Ian Todd, detection engineer at cybersecurity vendor Critical Start, said the C2P concept is the latest step in reducing friction for bad actors, eliminating the need for self-hosted operations for their campaigns.

“The revelation that threat actors of all sizes, capabilities, and origins can and do use shared infrastructure from C2P providers could make attack attribution more difficult,” Todd said. “On the other hand, when a service provider like Cloudzy is identified, it can serve as a point of focus for defenders.”

RaaS has become the dominant structure, with most ransomware strains functioning as a service, according to blockchain analysis firm Chainalysis. A developer will create ransomware and allow affiliates to use it on a subscription or licensing basis. C2Ps like Cloudzy offer the virtual infrastructure for RaaS operators and affiliates and the platform for deploying the payload and exfiltrating data.

Halcyon was founded in 2021 by Jon Miller and Ryan Smith, who came with experience with such companies as Cylance (which BlackBerry bought in 2019), Accuvant (acquired by Optiv in 2014), and IBM X-Force (after Big Blue bought ISS in 2006). The company in April raised $50 million in series A funding and has since announced partnerships with CISO Global and Revelstoke Security to create integrated offerings designed to help enterprises fight against ransomware and other threats.

Putting the Focus on Cloudzy

Halcyon researchers were able to rent remote desktop protocol (RDP) virtual private servers (VPS) from Cloudzy, which they wrote appears to “market itself in a manner that directly appeals not just to privacy enthusiasts, but also to threat actors.”

Buying the services was inexpensive, easy and anonymous, with Cloudzy only requiring a working email address and payment in cryptocurrency, including Monero, which is more difficult for law enforcement agencies to track than Bitcoin or Ethereum.

Cloudzy’s terms of service around the use of its infrastructure for nefarious purposes at first glance seem strong–immediate termination, reporting to law enforcement–but in other areas of its site, it talked about abusers paying a nominal fee and fines of $250 to $1,000 and the possibility of continuing their service.

Halcyon researchers took a deep dive into Cloudzy to get a better picture of the company and claimed that it “almost certainly” is linked to another hosting company, abrNOC, which operates in Iran and is run by Nozari.
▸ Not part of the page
(* Let $(V,\mathcal{E})$ be a forward or backward neutral genealogy model and let $\sigma\in\mathcal{P}$ be uniform and independent of $\mathcal{E}$. Then: 1. $\sigma(\mathcal{E})$ is completely neutral. 2(a). If $(V,\mathcal{E})$ is forward neutral, then for each $n$, $(\sigma(\mathcal{E}_m))_{m\ge n}$ is independent of $(\sigma_m)_{m\le n}$. 2(b). If $(V,\mathcal{E})$ is backward neutral, then for each $n$, $(\sigma(\mathcal{E}_m))_{m<n}$ is independent of $(\sigma_m)_{m\ge n}$.
   Context: Data: $\tau\in\mathbb{N}\cup\{\infty\}$, positive integers $(X_n)_{n<\tau}$, vectors $k_n=(k_n(i))_{i=1}^{X_n}$ of nonnegative integers with $\sum_ik_n(i)=X_{n+1}$. $V_n=\{(n,i):1\le i\le X_n\}$, $V=\bigcup_nV_n$. A genealogy model is a random edge set $\mathcal{E}\subset\bigcup_nV_n\times V_{n+1}$ such that each vertex of $V_{n+1}$ has exactly one parent in $V_n$ and the out-degrees in $V_n$ are a permutation of $k_n$. $\mathcal{E}_n=\mathcal{E}\cap(V_n\times V_{n+1})$, $K_n=(\mathrm{od}((n,i)))_i$, $\Xi_n$ = partition of $V_{n+1}$ into sets of vertices with a common parent. Forward neutral: for all $n$, $K_n$ is exchangeable and independent of $(\mathcal{E}_m)_{m<n}$. Backward neutral: for all $n$, $\Xi_n$ is exchangeable (its law is invariant under relabelling $V_{n+1}$ by any fixed permutation) and independent of $(\mathcal{E}_m)_{m>n}$. $\mathcal{E}_n$ is exchangeable if $\mathcal{E}_n$ has the same law as $\{(\pi(v),\pi'(w)):(v,w)\in\mathcal{E}_n\}$ for every fixed permutation $\pi$ of $V_n$ and $\pi'$ of $V_{n+1}$. $\mathcal{E}$ is completely neutral if $(\mathcal{E}_n)_n$ are independent and each is exchangeable. $\mathcal{P}$ is the set of permutations of $V$ mapping each $V_n$ to itself, written $\sigma=(\sigma_n)$ with $\sigma_n=\sigma|_{V_n}$; $\sigma$ is uniform if the $\sigma_n$ are independent uniform permutations. $\sigma(E)=\{(\sigma(v),\sigma(w)):(v,w)\in E\}$, and $\sigma(\mathcal{E}_m)=\{(\sigma_m(v),\sigma_{m+1}(w)):(v,w)\in\mathcal{E}_m\}$. *)

theory Defs
  imports "HOL-Probability.Probability" "HOL-Combinatorics.Permutations"
begin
Cloudzy is registered in Wyoming and Cyprus under the name RouterHosting and is represented by the CloudPeak Law firm, also in Wyoming.

They also questioned whether some of the people profiled on Cloudzy’s website as employees are fictitious, noting that the headshots of some appear to belong to other people.
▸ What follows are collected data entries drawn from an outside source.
text \<open>The farthest of \<open>k + 1\<close> neighbours in one cone would have the other \<open>k\<close> strictly closer to
  \<open>x\<close> (distances to \<open>x\<close> are distinct), which forbids its edge.\<close>
lemma card_knn_adj_cone_le:
  assumes "locally_finite_set X" "inj_on (dist x) (X - {x})" "is_rotation \<rho>"
  shows "finite {y \<in> X. knn_adj k X x y \<and> y \<in> cone_at \<rho> x}
    \<and> card {y \<in> X. knn_adj k X x y \<and> y \<in> cone_at \<rho> x} \<le> k"
proof (rule finite_if_finite_subsets_card_bdd)
  fix G assume G: "G \<subseteq> {y \<in> X. knn_adj k X x y \<and> y \<in> cone_at \<rho> x}" "finite G"
  show "card G \<le> k"
  proof (rule ccontr)
    assume "\<not> card G \<le> k"
    then have "G \<noteq> {}" by auto
    then obtain w where w: "w \<in> G" "\<forall>t\<in>G. dist x t \<le> dist x w"
      using ex_is_arg_min_if_finite[OF G(2), of "\<lambda>t. - dist x t"] by (auto simp: is_arg_min_linorder)
    have GX: "G \<subseteq> X \<inter> cone_at \<rho> x - {x}"
      using G(1) by (auto simp: knn_adj_def)
    have "k \<le> card (G - {w})"
      using \<open>\<not> card G \<le> k\<close> w(1) G(2) by simp
    moreover have "G - {w} \<subseteq> X \<inter> cone_at \<rho> x - {x}"
      using GX by blast
    moreover have "\<forall>t\<in>G - {w}. dist x t < dist x w"
    proof
      fix t assume t: "t \<in> G - {w}"
      have "t \<in> X - {x}" "w \<in> X - {x}"
        using t w(1) GX by auto
      then have "dist x t \<noteq> dist x w"
        using inj_on_eq_iff[OF assms(2)] t by auto
      moreover have "dist x t \<le> dist x w"
        using w(2) t by blast
      ultimately show "dist x t < dist x w" by simp
    qed
    moreover have "w \<in> cone_at \<rho> x"
      using w(1) GX by blast
    ultimately have "\<not> knn_adj k X x w"
      using not_knn_adj_if_cone_closer[OF assms(1,3)] by blast
    with w(1) G(1) show False by blast
  qed
qed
Cloudzy is part of what Halcyon researchers say is an expanding environment of cloud services providers that understand the softness and weaknesses within regulations that allow them to give ransomware groups and other cybercriminals a relatively safe haven from which to run their malicious operations.

“C2Ps end up granting ransomware groups anonymous use of their infrastructure to launch attacks because, in the interest of privacy, it appears they never bother to ask who their customers are,” they wrote. “They are not required to. In this way, ransomware activity lines two sets of pockets–the criminals who deploy it and the service providers who may be turning a blind eye to them.”

Identifying Cloudzy and Similar Entities

Halcyon researchers said they used a novel technique to identify Cloudzy and that the same method can be used to find other C2Ps and detect imminent ransomware attacks. They used RDP hostnames housed in the metadata of the attack infrastructure of ransomware affiliates’ infrastructure.

They recommended enterprises use the indicators of compromise in the report to “search their networks for any of the malicious activity we tied to C2P Cloudzy, and that they immediately take note when any of the 11 RDP hostnames we identified surface in their environments.”

Security teams should look for the hostnames now to identify possible attacks already in progress and keep an eye out to prevent future malicious activity.